I just got a Compaq IPAQ 3135 combo special at CompUSA after hearing about it on Usenet. There was no advertising for it at all--I had to ask the sales guy about it specifically. The regular 3135 (by itself) was on display for $399.95. The combo special, which is the 3135 with the CF sleeve, was $199.95 and there's a $50 rebate, so it's about $165 after tax if the rebate comes through. I've heard that some online stores are selling them as low as $127 after rebate and before shipping.
As a PDA, the 3135 sucks big time. If I'd bought it to use as a PDA, I'd take it back to the store and buy a Palm. Fortunately, I have other purposes in mind for it (see below).
The LCD display is not all that readable in normal room light (worse than a current Palm, for sure). The backlight makes it worse. I think this may explain why the 3135 is being blown out at such a low price. The TFT color display of the much more expensive 3600 series is wonderful, but the 3135's is barely useable. The 3135's backlight in particular makes the screen readable only if the room is really dark, not just dimly lit.
WinCE blows. You knew that already. It took ages to figure out how to do the simplest things, like set the system clock or delete a file, or even turn on the backlight without navigating through on-screen menus (which of course is impossible in the dark, when you need the backlight). Of course the last is partly from the lack of a dedicated backlight button on the 3135, the way Palms have.
It didn't help that the 3135 doesn't come with a printed manual. It's possible that there's some docs on the included cd-rom but I haven't loaded it. It manages to operate sluggishly despite its 200 MHz StrongARM cpu. A true tribute to Microsoft lameness.
The unit is held together with tiny torx screws or something equally obnoxious. It has an internal non-replaceable Li rechargeable battery like the Palm V. I hate those.

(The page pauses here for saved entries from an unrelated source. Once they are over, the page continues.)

definition gen' :: "bool \<Rightarrow> real \<Rightarrow> real" where "gen' s = (if s then A' else B')"

fun word :: "bool list \<Rightarrow> real \<Rightarrow> real" where
  "word [] = id"
| "word (s # ws) = gen s \<circ> word ws"

fun word_deriv :: "bool list \<Rightarrow> real \<Rightarrow> real" where
  "word_deriv [] x = 1"
| "word_deriv (s # ws) x = gen' s (word ws x) * word_deriv ws x"

abbreviation image_len :: "bool list \<Rightarrow> real" where
  "image_len ws \<equiv> word ws q - word ws p"

fun distortion_sum :: "bool list \<Rightarrow> real" where
  "distortion_sum [] = 0"
| "distortion_sum (s # ws) = distortion_sum ws + image_len ws powr t"

lemma K_subset: "{p..q} \<subseteq> {a..b}"
  using K by auto

lemma gen_maps_into: "x \<in> {a..b} \<Longrightarrow> gen s x \<in> {a..b}"
  using Ai Bi by (auto simp: gen_def)

lemma gen_maps_K: "x \<in> {p..q} \<Longrightarrow> gen s x \<in> {p..q}"
  using AK BK by (auto simp: gen_def)

lemma gen_has_deriv: "x \<in> {a..b} \<Longrightarrow> (gen s has_real_derivative gen' s x) (at x within {a..b})"
  using Ad Bd by (auto simp: gen_def gen'_def)

lemma gen'_pos: "x \<in> {a..b} \<Longrightarrow> gen' s x > 0"
  using Apos Bpos by (auto simp: gen'_def)

lemma gen'_hoelder:
  "x \<in> {a..b} \<Longrightarrow> y \<in> {a..b} \<Longrightarrow> gen' s x \<le> gen' s y * exp (L * \<bar>x - y\<bar> powr t)"
  using Ah Bh by (auto simp: gen'_def)

lemma gen_strict_mono: "strict_mono_on {a..b} (gen s)"
  using has_real_derivative_pos_imp_strict_mono_on gen_has_deriv gen'_pos by blast

lemma word_maps_into: "x \<in> {a..b} \<Longrightarrow> word ws x \<in> {a..b}"
  by (induction ws) (simp_all add: gen_maps_into del: atLeastAtMost_iff)

lemma word_maps_K: "x \<in> {p..q} \<Longrightarrow> word ws x \<in> {p..q}"
  by (induction ws) (simp_all add: gen_maps_K del: atLeastAtMost_iff)

lemma word_has_deriv:
  "x \<in> {a..b} \<Longrightarrow> (word ws has_real_derivative word_deriv ws x) (at x within {a..b})"
proof (induction ws)
  case Nil
  then show ?case by (simp add: id_def)
next
  case (Cons s ws)
  have "word ws ` {a..b} \<subseteq> {a..b}" using word_maps_into by auto
  then have "(gen s \<circ> word ws has_real_derivative gen' s (word ws x) * word_deriv ws x)
      (at x within {a..b})"
    using DERIV_image_chain[OF DERIV_subset[OF gen_has_deriv] Cons.IH[OF Cons.prems]]
      word_maps_into[OF Cons.prems] by blast
  then show ?case by (simp add: o_def)
qed

lemma word_deriv_pos: "x \<in> {a..b} \<Longrightarrow> word_deriv ws x > 0"
proof (induction ws)
  case (Cons s ws)
  then show ?case using gen'_pos[OF word_maps_into[OF Cons.prems], of s] by simp
qed simp

lemma word_strict_mono: "strict_mono_on {a..b} (word ws)"
proof (induction ws)
  case (Cons s ws)
  show ?case
  proof (rule strict_mono_onI)
    fix x y assume "x \<in> {a..b}" "y \<in> {a..b}" "x < y"
    then show "word (s # ws) x < word (s # ws) y"
      using strict_mono_onD[OF Cons.IH] strict_mono_onD[OF gen_strict_mono] word_maps_into by simp
  qed
qed (simp add: strict_mono_on_def)

lemma word_mono: "x \<in> {a..b} \<Longrightarrow> y \<in> {a..b} \<Longrightarrow> x \<le> y \<Longrightarrow> word ws x \<le> word ws y"
  by (rule strict_mono_on_leD[OF word_strict_mono])

lemma word_snoc: "word (ws @ [s]) = word ws \<circ> gen s"
  by (induction ws) auto

lemma image_len_nonneg: "image_len ws \<ge> 0"
  using word_mono[of p q ws] K by auto

lemma distortion_sum_nonneg: "distortion_sum ws \<ge> 0"
  by (induction ws) auto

Accessories are expensive. The CF sleeve (included) is a mere $30 or so which is reasonable. But a comparable sleeve for a full sized PCMCIA card is $150. (The PCMCIA sleeve has its own battery, which helps with power hungry cards). There's an even more expensive dual PCMCIA sleeve that holds two type II or one type III card, so I guess you could put in two ethernet cards and use the Ipaq as a tiny firewall. Compaq sells a modem for $150 that fits in the CF slot. A couple other companies sell modems like that in the $100 range. I think there's a similar situation with CF ethernet cards. The CF modems are really quite spiffy but it may make more sense to spend the money on the PCMCIA sleeve and use a cheap PCMCIA modem. That means you can also use regular PCMCIA ethernet and 802.11 cards.
On the plus side, you get a quite compact gizmo for having such a fast cpu. Without the CF sleeve it's about the size of a Palm III, much smaller than the Casio and HP WinCE units. It has stereo audio out (no audio in except for the built-in mic, unfortunately) and an easy to operate voice recorder feature with a dedicated activation button. It came with a USB cable that plugs straight into the sync port, much more compact than a cradle. If you want a cradle you can buy one, but I'd rather just use the cable. It came with a typical heavy wall plug charger. I'd rather have a compact switching type, but that would have added cost. It has 16 meg of ram (the color version has 32m) but I've heard of people upgrading them to 64mb or even 128mb by soldering new chips in.
(Update:) George Mosquera makes the Silver Slider, a trimmed down and refinished version of the CF sleeve that makes the sleeved unit noticably smaller. It's kind of expensive but it looks really nice in the pictures. I haven't seen one in person.
I'm planning to run Linux on it. I'm told the Linux port for it works pretty well. Unfortunately, the 3135 needs a different kernel than the 3600 series, and it isn't currently nicely integrated into the Familiar package, complicating the installation somewhat. But it still doesn't sound too bad.